_Exercise prompt_
Whenever a line of the records below contains the word "nonempty", copy that line.

-=-=-=-=-

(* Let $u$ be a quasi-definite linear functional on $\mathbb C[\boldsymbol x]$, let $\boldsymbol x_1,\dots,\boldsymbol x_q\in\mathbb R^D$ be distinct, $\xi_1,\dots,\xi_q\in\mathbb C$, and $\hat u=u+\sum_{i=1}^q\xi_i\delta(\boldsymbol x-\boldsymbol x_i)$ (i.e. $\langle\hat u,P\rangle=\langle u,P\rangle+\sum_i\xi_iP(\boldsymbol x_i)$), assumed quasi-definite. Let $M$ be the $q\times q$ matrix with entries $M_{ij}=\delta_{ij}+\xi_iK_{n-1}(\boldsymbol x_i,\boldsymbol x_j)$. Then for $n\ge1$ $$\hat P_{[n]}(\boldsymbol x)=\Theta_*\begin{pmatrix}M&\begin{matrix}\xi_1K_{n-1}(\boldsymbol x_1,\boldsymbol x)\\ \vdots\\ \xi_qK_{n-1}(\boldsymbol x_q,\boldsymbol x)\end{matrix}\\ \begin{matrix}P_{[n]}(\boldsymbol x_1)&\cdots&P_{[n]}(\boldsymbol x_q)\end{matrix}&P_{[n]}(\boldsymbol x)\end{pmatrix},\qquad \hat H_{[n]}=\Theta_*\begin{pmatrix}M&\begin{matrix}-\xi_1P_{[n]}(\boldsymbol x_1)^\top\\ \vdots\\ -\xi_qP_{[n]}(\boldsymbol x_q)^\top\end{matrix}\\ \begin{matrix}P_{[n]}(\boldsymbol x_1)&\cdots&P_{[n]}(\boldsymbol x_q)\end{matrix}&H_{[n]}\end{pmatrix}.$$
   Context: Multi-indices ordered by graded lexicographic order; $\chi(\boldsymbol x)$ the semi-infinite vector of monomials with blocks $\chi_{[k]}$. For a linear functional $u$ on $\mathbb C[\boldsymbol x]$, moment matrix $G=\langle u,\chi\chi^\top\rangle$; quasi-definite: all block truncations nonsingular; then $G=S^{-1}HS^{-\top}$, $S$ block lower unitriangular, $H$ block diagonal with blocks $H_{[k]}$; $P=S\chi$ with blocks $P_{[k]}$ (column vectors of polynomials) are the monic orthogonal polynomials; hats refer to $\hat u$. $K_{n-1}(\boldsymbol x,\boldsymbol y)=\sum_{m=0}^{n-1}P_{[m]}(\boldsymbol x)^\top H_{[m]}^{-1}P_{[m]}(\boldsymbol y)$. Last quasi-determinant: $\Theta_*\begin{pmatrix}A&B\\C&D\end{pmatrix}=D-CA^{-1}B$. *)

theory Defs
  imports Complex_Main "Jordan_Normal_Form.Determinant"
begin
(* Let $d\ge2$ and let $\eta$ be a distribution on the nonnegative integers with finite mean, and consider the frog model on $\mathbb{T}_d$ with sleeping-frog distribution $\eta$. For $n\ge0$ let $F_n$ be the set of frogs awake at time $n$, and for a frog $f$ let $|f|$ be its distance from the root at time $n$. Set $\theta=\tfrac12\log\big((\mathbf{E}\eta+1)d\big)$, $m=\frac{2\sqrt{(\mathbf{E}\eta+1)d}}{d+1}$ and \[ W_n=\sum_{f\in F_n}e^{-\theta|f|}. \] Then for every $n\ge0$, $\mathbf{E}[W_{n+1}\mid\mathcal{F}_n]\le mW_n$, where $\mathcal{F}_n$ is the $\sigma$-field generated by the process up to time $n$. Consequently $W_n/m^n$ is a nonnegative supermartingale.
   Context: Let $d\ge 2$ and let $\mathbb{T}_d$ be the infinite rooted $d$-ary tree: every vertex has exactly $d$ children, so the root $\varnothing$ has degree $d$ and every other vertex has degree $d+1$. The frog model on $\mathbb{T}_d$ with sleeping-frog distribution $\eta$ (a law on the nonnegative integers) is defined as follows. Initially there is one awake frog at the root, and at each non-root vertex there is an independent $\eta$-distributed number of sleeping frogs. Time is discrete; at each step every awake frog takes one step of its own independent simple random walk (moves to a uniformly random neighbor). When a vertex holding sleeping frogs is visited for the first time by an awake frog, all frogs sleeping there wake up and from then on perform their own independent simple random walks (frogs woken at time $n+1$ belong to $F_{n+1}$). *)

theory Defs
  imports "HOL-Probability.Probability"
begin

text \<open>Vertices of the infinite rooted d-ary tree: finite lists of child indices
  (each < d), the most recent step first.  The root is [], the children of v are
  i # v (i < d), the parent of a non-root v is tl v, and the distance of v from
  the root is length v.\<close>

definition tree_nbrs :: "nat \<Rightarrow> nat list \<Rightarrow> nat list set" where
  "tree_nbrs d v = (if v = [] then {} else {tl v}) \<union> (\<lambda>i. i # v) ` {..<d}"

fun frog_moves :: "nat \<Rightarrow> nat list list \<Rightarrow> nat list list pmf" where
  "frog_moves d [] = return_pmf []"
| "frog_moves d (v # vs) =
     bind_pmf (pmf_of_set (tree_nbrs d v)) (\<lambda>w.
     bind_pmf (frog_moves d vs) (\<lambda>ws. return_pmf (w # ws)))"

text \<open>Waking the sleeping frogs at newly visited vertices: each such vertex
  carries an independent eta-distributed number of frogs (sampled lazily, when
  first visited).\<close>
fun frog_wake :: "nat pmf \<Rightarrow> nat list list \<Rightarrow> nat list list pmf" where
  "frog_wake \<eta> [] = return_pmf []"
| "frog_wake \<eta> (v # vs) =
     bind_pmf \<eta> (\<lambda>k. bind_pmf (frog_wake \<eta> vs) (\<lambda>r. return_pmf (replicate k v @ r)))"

-=-=-=-=-

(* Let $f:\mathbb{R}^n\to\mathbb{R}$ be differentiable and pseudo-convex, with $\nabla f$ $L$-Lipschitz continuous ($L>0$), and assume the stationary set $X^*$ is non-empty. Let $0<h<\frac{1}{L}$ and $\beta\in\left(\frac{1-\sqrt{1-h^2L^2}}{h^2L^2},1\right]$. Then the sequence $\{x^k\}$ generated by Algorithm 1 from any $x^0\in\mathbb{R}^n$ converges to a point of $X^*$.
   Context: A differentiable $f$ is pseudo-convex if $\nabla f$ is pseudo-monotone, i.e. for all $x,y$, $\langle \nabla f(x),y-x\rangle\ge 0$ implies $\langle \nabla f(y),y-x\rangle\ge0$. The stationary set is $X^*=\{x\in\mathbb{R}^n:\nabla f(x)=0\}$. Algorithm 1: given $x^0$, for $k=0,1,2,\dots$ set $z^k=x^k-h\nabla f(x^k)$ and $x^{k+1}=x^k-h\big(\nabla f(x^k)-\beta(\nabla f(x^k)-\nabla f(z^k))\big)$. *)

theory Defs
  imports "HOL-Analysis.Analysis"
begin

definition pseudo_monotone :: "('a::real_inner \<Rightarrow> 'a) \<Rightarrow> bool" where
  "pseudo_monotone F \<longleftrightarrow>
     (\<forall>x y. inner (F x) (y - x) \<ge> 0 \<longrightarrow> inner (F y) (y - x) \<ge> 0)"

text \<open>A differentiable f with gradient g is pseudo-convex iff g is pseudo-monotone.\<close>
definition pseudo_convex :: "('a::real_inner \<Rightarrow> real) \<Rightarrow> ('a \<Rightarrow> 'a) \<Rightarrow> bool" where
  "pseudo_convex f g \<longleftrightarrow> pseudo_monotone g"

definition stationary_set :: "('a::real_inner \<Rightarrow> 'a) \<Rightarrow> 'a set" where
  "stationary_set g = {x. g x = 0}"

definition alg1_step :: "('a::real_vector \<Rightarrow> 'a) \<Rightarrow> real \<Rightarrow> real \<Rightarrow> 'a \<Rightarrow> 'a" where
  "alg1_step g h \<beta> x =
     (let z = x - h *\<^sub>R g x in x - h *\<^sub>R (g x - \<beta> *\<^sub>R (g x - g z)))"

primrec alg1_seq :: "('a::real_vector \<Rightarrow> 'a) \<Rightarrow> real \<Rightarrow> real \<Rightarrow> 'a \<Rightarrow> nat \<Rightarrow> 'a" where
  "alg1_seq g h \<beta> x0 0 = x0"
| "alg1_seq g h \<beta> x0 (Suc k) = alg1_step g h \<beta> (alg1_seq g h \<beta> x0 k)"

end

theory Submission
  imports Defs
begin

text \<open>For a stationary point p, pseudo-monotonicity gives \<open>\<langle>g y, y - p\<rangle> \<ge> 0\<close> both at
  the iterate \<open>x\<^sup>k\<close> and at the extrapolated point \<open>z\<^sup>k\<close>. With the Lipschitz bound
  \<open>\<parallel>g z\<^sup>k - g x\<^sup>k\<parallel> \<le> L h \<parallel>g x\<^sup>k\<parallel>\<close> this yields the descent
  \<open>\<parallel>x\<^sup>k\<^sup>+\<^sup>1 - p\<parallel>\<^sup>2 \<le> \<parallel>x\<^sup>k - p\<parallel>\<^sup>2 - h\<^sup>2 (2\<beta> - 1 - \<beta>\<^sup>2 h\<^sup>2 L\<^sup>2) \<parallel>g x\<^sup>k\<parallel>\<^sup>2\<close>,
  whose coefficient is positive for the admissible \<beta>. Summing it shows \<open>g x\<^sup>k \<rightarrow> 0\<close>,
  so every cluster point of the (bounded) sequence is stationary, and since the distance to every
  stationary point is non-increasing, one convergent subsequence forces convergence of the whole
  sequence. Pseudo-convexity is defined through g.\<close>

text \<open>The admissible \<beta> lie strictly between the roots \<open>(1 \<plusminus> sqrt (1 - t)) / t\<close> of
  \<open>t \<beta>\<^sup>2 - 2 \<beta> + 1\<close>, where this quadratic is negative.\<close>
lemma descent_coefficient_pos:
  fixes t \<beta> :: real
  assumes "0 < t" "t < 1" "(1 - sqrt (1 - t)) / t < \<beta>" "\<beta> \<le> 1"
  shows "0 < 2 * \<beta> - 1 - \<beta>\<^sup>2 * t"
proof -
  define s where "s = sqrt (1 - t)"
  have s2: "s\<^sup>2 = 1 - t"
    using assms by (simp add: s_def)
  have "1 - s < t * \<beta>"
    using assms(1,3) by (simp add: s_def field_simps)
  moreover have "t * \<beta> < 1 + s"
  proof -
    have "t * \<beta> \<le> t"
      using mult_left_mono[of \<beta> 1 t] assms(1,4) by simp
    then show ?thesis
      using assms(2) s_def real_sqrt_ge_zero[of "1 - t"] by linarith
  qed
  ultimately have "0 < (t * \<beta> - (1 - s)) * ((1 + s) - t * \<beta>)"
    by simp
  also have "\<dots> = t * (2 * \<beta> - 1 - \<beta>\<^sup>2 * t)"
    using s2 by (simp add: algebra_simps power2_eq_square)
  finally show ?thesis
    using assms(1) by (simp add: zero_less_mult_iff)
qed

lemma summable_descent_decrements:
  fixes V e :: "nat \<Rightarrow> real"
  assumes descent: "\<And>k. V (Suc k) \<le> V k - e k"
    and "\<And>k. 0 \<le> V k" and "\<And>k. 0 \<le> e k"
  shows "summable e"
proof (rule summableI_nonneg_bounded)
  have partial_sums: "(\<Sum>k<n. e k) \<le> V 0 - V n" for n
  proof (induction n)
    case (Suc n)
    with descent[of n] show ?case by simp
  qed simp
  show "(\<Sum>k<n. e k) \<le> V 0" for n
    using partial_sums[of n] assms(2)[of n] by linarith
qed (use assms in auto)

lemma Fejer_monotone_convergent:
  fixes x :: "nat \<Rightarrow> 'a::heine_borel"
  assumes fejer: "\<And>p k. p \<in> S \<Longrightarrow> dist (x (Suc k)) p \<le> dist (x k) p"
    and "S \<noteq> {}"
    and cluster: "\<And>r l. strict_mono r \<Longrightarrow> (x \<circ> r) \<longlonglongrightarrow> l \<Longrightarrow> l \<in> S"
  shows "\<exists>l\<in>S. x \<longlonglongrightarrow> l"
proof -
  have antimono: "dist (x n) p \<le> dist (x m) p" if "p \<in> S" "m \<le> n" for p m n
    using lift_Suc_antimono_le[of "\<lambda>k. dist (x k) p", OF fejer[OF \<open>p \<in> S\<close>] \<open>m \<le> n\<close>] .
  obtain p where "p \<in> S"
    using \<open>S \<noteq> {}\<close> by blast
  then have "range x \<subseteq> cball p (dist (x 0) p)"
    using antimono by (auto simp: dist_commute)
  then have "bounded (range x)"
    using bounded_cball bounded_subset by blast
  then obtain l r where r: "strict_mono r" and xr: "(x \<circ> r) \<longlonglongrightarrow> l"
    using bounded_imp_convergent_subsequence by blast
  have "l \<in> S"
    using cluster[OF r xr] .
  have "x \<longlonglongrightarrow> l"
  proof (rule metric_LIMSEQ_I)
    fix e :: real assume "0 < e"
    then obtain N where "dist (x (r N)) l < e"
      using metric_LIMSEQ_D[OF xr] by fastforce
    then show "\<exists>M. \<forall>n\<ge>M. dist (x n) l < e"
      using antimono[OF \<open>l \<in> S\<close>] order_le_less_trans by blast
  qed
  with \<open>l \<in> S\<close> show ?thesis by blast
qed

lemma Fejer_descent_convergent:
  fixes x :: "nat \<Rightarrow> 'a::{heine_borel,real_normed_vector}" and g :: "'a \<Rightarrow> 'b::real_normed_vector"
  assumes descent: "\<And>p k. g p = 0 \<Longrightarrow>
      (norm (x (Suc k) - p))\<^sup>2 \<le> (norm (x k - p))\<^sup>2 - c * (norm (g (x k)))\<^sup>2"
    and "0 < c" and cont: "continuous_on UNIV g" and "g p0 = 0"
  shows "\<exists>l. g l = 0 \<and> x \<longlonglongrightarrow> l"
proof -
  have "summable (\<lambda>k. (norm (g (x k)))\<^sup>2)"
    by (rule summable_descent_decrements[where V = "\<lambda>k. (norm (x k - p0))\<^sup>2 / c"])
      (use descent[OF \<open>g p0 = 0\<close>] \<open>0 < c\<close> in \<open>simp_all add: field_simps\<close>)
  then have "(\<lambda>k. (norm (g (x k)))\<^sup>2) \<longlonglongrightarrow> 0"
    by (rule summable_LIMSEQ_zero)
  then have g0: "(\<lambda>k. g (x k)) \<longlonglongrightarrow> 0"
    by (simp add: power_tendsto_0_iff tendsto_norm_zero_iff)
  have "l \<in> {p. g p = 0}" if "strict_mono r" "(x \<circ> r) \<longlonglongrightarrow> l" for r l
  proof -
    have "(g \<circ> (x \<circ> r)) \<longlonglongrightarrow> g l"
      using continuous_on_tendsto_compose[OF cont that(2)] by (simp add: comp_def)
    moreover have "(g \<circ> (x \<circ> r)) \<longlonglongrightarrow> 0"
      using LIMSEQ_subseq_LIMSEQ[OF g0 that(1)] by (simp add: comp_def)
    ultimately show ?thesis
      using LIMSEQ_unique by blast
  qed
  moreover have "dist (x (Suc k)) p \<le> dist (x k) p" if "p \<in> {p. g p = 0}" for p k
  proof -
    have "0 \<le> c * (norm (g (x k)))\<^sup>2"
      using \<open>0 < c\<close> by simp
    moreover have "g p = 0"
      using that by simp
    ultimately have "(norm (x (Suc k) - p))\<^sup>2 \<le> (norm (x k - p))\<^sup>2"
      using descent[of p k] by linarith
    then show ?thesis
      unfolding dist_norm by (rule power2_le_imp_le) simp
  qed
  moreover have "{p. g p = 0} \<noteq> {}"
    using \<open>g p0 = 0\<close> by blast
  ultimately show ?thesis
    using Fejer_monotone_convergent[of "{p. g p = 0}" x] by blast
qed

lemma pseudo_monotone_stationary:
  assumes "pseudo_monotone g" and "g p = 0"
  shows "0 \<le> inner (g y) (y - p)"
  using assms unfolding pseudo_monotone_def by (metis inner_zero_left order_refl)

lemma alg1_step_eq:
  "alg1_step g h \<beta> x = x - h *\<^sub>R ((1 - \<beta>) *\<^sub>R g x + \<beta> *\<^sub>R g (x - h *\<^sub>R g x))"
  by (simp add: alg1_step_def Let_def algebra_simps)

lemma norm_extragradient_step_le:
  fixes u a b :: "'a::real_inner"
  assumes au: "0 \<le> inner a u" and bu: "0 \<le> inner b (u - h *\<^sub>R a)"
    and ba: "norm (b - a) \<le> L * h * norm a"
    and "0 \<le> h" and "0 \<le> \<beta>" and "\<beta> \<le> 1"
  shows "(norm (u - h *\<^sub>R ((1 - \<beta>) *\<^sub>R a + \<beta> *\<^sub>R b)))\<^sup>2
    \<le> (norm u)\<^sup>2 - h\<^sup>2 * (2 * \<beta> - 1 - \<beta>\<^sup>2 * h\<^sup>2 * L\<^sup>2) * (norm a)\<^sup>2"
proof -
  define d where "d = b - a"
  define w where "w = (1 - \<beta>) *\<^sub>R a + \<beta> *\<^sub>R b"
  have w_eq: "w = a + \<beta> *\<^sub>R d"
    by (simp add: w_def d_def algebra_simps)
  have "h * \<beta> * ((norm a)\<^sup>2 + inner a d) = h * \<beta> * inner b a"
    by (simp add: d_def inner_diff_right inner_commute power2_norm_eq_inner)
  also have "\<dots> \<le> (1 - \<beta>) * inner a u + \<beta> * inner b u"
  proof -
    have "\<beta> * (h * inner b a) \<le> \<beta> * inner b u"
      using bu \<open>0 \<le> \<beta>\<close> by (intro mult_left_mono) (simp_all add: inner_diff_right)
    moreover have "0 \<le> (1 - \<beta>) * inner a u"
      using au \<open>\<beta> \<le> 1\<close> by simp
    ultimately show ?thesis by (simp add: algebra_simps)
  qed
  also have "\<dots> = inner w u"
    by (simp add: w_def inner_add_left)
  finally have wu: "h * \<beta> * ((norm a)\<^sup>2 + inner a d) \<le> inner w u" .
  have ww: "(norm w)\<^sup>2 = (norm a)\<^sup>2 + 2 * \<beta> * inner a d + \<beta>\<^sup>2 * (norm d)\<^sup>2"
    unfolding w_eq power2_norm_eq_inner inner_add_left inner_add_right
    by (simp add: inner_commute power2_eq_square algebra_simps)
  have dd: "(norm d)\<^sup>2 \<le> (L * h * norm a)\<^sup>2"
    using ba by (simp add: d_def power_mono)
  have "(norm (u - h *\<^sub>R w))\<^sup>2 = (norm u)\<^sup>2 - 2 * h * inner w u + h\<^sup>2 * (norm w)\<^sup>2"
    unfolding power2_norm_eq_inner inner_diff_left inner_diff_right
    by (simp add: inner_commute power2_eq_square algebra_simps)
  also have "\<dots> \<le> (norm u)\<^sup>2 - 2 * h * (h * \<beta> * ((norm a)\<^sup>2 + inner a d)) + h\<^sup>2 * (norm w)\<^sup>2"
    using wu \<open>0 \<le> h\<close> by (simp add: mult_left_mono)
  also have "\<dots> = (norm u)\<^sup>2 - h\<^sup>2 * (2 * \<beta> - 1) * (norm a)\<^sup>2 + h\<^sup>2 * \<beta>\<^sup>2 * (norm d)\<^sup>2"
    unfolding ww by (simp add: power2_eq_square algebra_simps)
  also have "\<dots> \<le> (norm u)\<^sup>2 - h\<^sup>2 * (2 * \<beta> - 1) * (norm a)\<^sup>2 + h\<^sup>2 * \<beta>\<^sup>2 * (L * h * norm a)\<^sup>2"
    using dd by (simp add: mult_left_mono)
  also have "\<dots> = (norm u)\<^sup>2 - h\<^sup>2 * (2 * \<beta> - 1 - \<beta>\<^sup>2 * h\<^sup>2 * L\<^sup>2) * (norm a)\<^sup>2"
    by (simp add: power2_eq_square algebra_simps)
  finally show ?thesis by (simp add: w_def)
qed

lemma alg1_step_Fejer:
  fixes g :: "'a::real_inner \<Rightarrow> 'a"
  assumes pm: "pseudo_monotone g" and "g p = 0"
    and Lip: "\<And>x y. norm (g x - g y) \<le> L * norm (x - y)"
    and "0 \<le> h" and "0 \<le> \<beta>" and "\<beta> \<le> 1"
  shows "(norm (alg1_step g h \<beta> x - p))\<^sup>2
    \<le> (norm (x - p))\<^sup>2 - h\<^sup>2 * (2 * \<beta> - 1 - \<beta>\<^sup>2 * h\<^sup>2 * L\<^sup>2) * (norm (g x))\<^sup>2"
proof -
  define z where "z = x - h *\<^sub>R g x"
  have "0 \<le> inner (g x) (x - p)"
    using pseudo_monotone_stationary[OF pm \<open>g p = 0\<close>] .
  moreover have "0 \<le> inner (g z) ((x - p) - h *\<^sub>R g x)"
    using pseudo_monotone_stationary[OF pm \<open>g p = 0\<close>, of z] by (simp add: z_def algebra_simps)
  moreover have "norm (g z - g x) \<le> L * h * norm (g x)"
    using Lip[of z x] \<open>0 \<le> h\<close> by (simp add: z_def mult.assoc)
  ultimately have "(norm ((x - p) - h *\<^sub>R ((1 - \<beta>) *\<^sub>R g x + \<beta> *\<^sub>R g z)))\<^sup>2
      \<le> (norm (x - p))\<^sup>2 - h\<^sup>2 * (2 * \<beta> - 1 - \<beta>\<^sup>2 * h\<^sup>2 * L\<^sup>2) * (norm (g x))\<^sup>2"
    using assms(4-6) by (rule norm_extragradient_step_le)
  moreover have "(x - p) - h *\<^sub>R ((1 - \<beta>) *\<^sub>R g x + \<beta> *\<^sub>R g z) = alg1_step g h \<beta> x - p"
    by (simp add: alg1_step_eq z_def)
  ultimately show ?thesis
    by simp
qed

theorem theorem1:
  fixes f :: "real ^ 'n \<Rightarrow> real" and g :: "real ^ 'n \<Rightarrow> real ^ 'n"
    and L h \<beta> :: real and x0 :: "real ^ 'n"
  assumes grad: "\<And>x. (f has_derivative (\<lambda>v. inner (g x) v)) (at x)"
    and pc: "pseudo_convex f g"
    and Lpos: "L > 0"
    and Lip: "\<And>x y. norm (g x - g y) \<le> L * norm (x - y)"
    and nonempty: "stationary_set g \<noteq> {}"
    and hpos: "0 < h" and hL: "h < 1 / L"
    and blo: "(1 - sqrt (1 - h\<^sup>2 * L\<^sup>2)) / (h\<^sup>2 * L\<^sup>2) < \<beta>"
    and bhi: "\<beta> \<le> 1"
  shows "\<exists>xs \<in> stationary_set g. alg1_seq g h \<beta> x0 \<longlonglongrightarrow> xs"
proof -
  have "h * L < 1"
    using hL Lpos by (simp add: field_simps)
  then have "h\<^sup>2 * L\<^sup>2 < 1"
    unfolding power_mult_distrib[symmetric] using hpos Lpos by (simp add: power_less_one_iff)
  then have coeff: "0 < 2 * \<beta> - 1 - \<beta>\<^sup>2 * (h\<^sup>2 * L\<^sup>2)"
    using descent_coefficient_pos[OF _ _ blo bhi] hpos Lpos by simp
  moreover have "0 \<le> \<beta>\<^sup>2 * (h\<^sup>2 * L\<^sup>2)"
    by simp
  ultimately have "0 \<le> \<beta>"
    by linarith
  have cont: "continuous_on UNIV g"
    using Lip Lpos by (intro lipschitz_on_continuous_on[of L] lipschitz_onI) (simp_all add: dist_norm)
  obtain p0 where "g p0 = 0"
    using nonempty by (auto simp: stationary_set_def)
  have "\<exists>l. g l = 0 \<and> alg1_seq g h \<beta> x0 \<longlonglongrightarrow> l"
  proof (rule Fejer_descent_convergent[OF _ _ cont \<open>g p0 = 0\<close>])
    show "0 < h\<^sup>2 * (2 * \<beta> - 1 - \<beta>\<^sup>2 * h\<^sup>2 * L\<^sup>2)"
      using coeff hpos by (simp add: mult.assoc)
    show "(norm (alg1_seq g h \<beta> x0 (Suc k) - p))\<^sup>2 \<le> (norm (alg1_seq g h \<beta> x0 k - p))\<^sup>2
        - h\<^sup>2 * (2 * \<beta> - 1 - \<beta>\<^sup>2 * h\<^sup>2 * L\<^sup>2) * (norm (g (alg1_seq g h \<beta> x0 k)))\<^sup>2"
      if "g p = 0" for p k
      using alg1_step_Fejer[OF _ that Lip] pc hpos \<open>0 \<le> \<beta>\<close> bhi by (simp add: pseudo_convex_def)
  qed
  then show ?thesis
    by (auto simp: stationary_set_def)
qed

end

-=-=-=-=-

_Written solution_
    and nonempty: "stationary_set g \<noteq> {}"
    using nonempty by (auto simp: stationary_set_def)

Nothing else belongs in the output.